→ Exercise requirements
Collect all lines from the records below that include the word "thesis".

[Stored items]
>>>

lemma integral_sqrt_one_minus_sq_bounds:
  fixes a b :: real
  assumes "0 \<le> a" "a < b" "b \<le> 1"
  shows "0 < (LBINT s=a..b. sqrt (1 - s^2))" "(LBINT s=a..b. sqrt (1 - s^2)) \<le> b - a"
proof -
  have "(LBINT s=a..b. b - s) = (b * b - b^2/2) - (b * a - a^2/2)"
    by (rule interval_integral_FTC_finite)
       (use assms in \<open>auto intro!: continuous_intros derivative_eq_intros
          simp: has_real_derivative_iff_has_vector_derivative[symmetric] power2_eq_square\<close>)
  also have "\<dots> = (b - a)^2 / 2" by (simp add: power2_eq_square algebra_simps)
  also have "\<dots> > 0" using assms by simp
  finally have "0 < (LBINT s=a..b. b - s)" .
  also have "\<dots> \<le> (LBINT s=a..b. sqrt (1 - s^2))"
  proof (rule interval_integral_mono_on_Icc)
    fix s assume s: "s \<in> {a..b}"
    then have "(1 - s)^2 \<le> 1 - s^2" using assms by (simp add: power2_eq_square algebra_simps mult_left_le)
    then have "1 - s \<le> sqrt (1 - s^2)" using s assms by (simp add: real_le_rsqrt)
    then show "b - s \<le> sqrt (1 - s^2)" using assms by simp
  qed (use assms in \<open>auto intro!: continuous_intros\<close>)
  finally show "0 < (LBINT s=a..b. sqrt (1 - s^2))" .
  have "(LBINT s=a..b. sqrt (1 - s^2)) \<le> (LBINT s=a..b. 1)"
    by (rule interval_integral_mono_on_Icc) (use assms in \<open>auto intro!: continuous_intros simp: power_le_one\<close>)
  then show "(LBINT s=a..b. sqrt (1 - s^2)) \<le> b - a" using assms by simp
qed

text \<open>\<open>z1 Q k1\<close> is the \<open>\<lambda>\<close>-centroid of the cell; the \<open>THE\<close> in its definition is well defined
  because the cell has positive mass.\<close>
lemma z1_bounds:
  assumes "k1 < Q"
  shows "0 \<le> z1 Q k1 \<and> z1 Q k1 \<le> 1"
proof -
  define a where "a = real k1 / real Q"
  define b where "b = real (k1 + 1) / real Q"
  have ab: "0 \<le> a" "a < b" "b \<le> 1"
    using assms unfolding a_def b_def by (auto simp: divide_simps)
  define I0 where "I0 = (LBINT s=a..b. sqrt (1 - s^2))"
  define I1 where "I1 = (LBINT s=a..b. s * sqrt (1 - s^2))"
  have I0: "I0 > 0" unfolding I0_def by (rule integral_sqrt_one_minus_sq_bounds[OF ab])
  have "interval_lebesgue_integrable lborel a b (\<lambda>s. sqrt (1 - s^2))"
    "interval_lebesgue_integrable lborel a b (\<lambda>s. s * sqrt (1 - s^2))"
    using ab by (auto intro!: interval_integrable_continuous_on continuous_intros)
  then have moment: "(LBINT s=a..b. (s - z) * sqrt (1 - s^2)) = I1 - z * I0" for z
    unfolding I0_def I1_def by (simp add: left_diff_distrib)
  have "z1 Q k1 = I1 / I0"
    unfolding z1_def a_def[symmetric] b_def[symmetric] moment
    by (rule the_equality) (use I0 in \<open>auto simp: field_simps\<close>)
  moreover have "(LBINT s=a..b. (0::real)) \<le> (LBINT s=a..b. (s - a) * sqrt (1 - s^2))"
    using ab by (intro interval_integral_mono_on_Icc)
      (auto intro!: continuous_intros simp: abs_square_le_1)
  moreover have "(LBINT s=a..b. (s - b) * sqrt (1 - s^2)) \<le> (LBINT s=a..b. (0::real))"
    using ab by (intro interval_integral_mono_on_Icc)
      (auto intro!: continuous_intros mult_nonpos_nonneg simp: abs_square_le_1)
  ultimately show ?thesis
    using ab I0 unfolding moment by (auto simp: field_simps)
qed

lemma cellw_bounds:
  assumes "k1 < Q" "0 < P"
  shows "0 \<le> cellw P Q k1 \<and> cellw P Q k1 \<le> 4 / (pi * real P * real Q)"
proof -
  define a where "a = real k1 / real Q"
  define b where "b = real (k1 + 1) / real Q"
  have ab: "0 \<le> a" "a < b" "b \<le> 1" "b - a = 1 / real Q"
    using assms unfolding a_def b_def by (auto simp: divide_simps)
  define I0 where "I0 = (LBINT s=a..b. sqrt (1 - s^2))"
  have I0: "0 < I0" "I0 \<le> 1 / real Q"
    unfolding I0_def using integral_sqrt_one_minus_sq_bounds[OF ab(1-3)] ab(4) by auto
  have "cellw P Q k1 = 4 / (pi * real P) * I0"
    unfolding cellw_def I0_def a_def b_def by (simp add: field_simps power2_eq_square)
  moreover have "4 / (pi * real P) * I0 \<le> 4 / (pi * real P) * (1 / real Q)"
    using I0 assms by (intro mult_left_mono) auto
  ultimately show ?thesis using I0 assms by simp
qed

section \<open>Concentration of weighted sums of heavy-tailed errors\<close>

lemma exp_le_quadratic:
  fixes y :: real
  assumes "\<bar>y\<bar> \<le> 1"
  shows "exp y \<le> 1 + y + y^2"
proof (cases "0 \<le> y")
  case True
  then show ?thesis using exp_bound[of y] assms by simp
next
  case False
  define w where "w = - y"
  have w: "0 < w" "w \<le> 1" using False assms unfolding w_def by auto
  have pos: "0 < 1 + w + w^2/2" using w by (simp add: add_pos_nonneg)
  have "exp y = 1 / exp w" unfolding w_def by (simp add: exp_minus field_simps)
  also have "\<dots> \<le> 1 / (1 + w + w^2/2)"
    using exp_lower_Taylor_quadratic[of w] w pos by (intro divide_left_mono) auto
  also have "\<dots> \<le> 1 - w + w^2"
  proof -
    have "(1 - w + w^2) * (1 + w + w^2/2) = 1 + w^2/2 + w^3/2 + w^4/2"
      by (simp add: power2_eq_square power3_eq_cube power4_eq_xxxx field_simps)
    also have "\<dots> \<ge> 1" using w by simp
    finally show ?thesis using pos by (simp add: divide_le_eq)
  qed
  finally show ?thesis unfolding w_def by simp
qed

context prob_space
begin

lemma nn_integral_exp_le_of_bounded_centered:
  fixes X :: "'a \<Rightarrow> real"
  assumes [measurable]: "X \<in> borel_measurable M"
    and bnd: "\<And>x. x \<in> space M \<Longrightarrow> \<bar>X x\<bar> \<le> B"
    and mean: "expectation X = 0" and var: "expectation (\<lambda>x. (X x)^2) \<le> s"
    and l: "0 < l" "l * B \<le> 1"
  shows "(\<integral>\<^sup>+x. ennreal (exp (l * X x)) \<partial>M) \<le> ennreal (exp (l^2 * s))"
proof -
  have int: "integrable M X"
    by (rule integrable_const_bound[where B=B]) (use bnd in auto)
  have int_sq: "integrable M (\<lambda>x. (X x)^2)"
    by (rule integrable_const_bound[where B="B^2"])
      (use bnd in \<open>auto intro!: AE_I2 simp: abs_le_square_iff, metis abs_ge_zero power2_abs power_mono\<close>)
  have int_exp: "integrable M (\<lambda>x. exp (l * X x))"
    by (rule integrable_const_bound[where B="exp (l * B)"])
      (use bnd l in \<open>auto intro!: AE_I2 mult_left_mono simp: abs_le_iff\<close>)
  have "expectation (\<lambda>x. exp (l * X x)) \<le> expectation (\<lambda>x. 1 + l * X x + l^2 * (X x)^2)"
  proof (rule integral_mono)
    fix x assume "x \<in> space M"
    then have "\<bar>l * X x\<bar> \<le> 1"
      using bnd l by (metis abs_mult abs_of_pos mult_left_mono order.trans less_imp_le)
    then show "exp (l * X x) \<le> 1 + l * X x + l^2 * (X x)^2"
      using exp_le_quadratic[of "l * X x"] by (simp add: power_mult_distrib)
  qed (use int int_sq int_exp in auto)
  also have "\<dots> = 1 + l^2 * expectation (\<lambda>x. (X x)^2)"
    using int int_sq mean by (simp add: prob_space)
  also have "\<dots> \<le> exp (l^2 * s)"
    using var by (intro order.trans[OF _ exp_ge_add_one_self] add_left_mono mult_left_mono) auto
  finally show ?thesis
    using int_exp by (simp add: nn_integral_eq_integral ennreal_leI)
qed

text \<open>A Bernstein-type Chernoff bound: the variance, not the (large) range \<open>B\<close>, enters the exponent.\<close>
lemma prob_sum_ge_le_exp:
  fixes Z :: "'i \<Rightarrow> 'a \<Rightarrow> real"
  assumes fin: "finite I" and ind: "indep_vars (\<lambda>_. borel) Z I"
    and bnd: "\<And>i x. i \<in> I \<Longrightarrow> x \<in> space M \<Longrightarrow> \<bar>Z i x\<bar> \<le> B"
    and mean: "\<And>i. i \<in> I \<Longrightarrow> expectation (Z i) = 0"
    and var: "\<And>i. i \<in> I \<Longrightarrow> expectation (\<lambda>x. (Z i x)^2) \<le> s"
    and l: "0 < l" "l * B \<le> 1"
  shows "prob {x\<in>space M. a \<le> (\<Sum>i\<in>I. Z i x)} \<le> exp (- l * a + real (card I) * l^2 * s)"
proof -
  have [measurable]: "i \<in> I \<Longrightarrow> Z i \<in> borel_measurable M" for i
    using ind unfolding indep_vars_def by auto
  have "ennreal (prob {x\<in>space M. a \<le> (\<Sum>i\<in>I. Z i x)})
      \<le> ennreal (exp (- l * a)) * (\<integral>\<^sup>+x\<in>space M. exp (l * (\<Sum>i\<in>I. Z i x)) \<partial>M)"
    unfolding emeasure_eq_measure[symmetric] by (intro Chernoff_ineq_nn_integral_ge l) auto
  also have "(\<integral>\<^sup>+x\<in>space M. exp (l * (\<Sum>i\<in>I. Z i x)) \<partial>M) = (\<integral>\<^sup>+x. (\<Prod>i\<in>I. ennreal (exp (l * Z i x))) \<partial>M)"
    by (intro nn_integral_cong) (simp_all add: sum_distrib_left exp_sum fin prod_ennreal)
  also have "\<dots> = (\<Prod>i\<in>I. \<integral>\<^sup>+x. ennreal (exp (l * Z i x)) \<partial>M)"
    by (intro indep_vars_nn_integral fin indep_vars_compose2[OF ind]) auto
  also have "ennreal (exp (- l * a)) * \<dots> \<le> ennreal (exp (- l * a)) * (\<Prod>i\<in>I. ennreal (exp (l^2 * s)))"
    using bnd mean var l
    by (intro mult_left_mono prod_mono_ennreal nn_integral_exp_le_of_bounded_centered) auto
  also have "\<dots> = ennreal (exp (- l * a) * (\<Prod>i\<in>I. exp (l^2 * s)))"
    by (simp add: ennreal_mult ennreal_power)
  also have "exp (- l * a) * (\<Prod>i\<in>I. exp (l^2 * s)) = exp (- l * a + real (card I) * l^2 * s)"
    by (simp add: exp_add[symmetric] exp_of_nat_mult[symmetric] mult.assoc)
  finally show ?thesis
    by (subst (asm) ennreal_le_iff) simp_all
qed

<<<

→ Result for this exercise
  ultimately show ?thesis
  ultimately show ?thesis using I0 assms by simp
  then show ?thesis using exp_bound[of y] assms by simp
    finally show ?thesis using pos by (simp add: divide_le_eq)
  finally show ?thesis unfolding w_def by simp
  finally show ?thesis
  finally show ?thesis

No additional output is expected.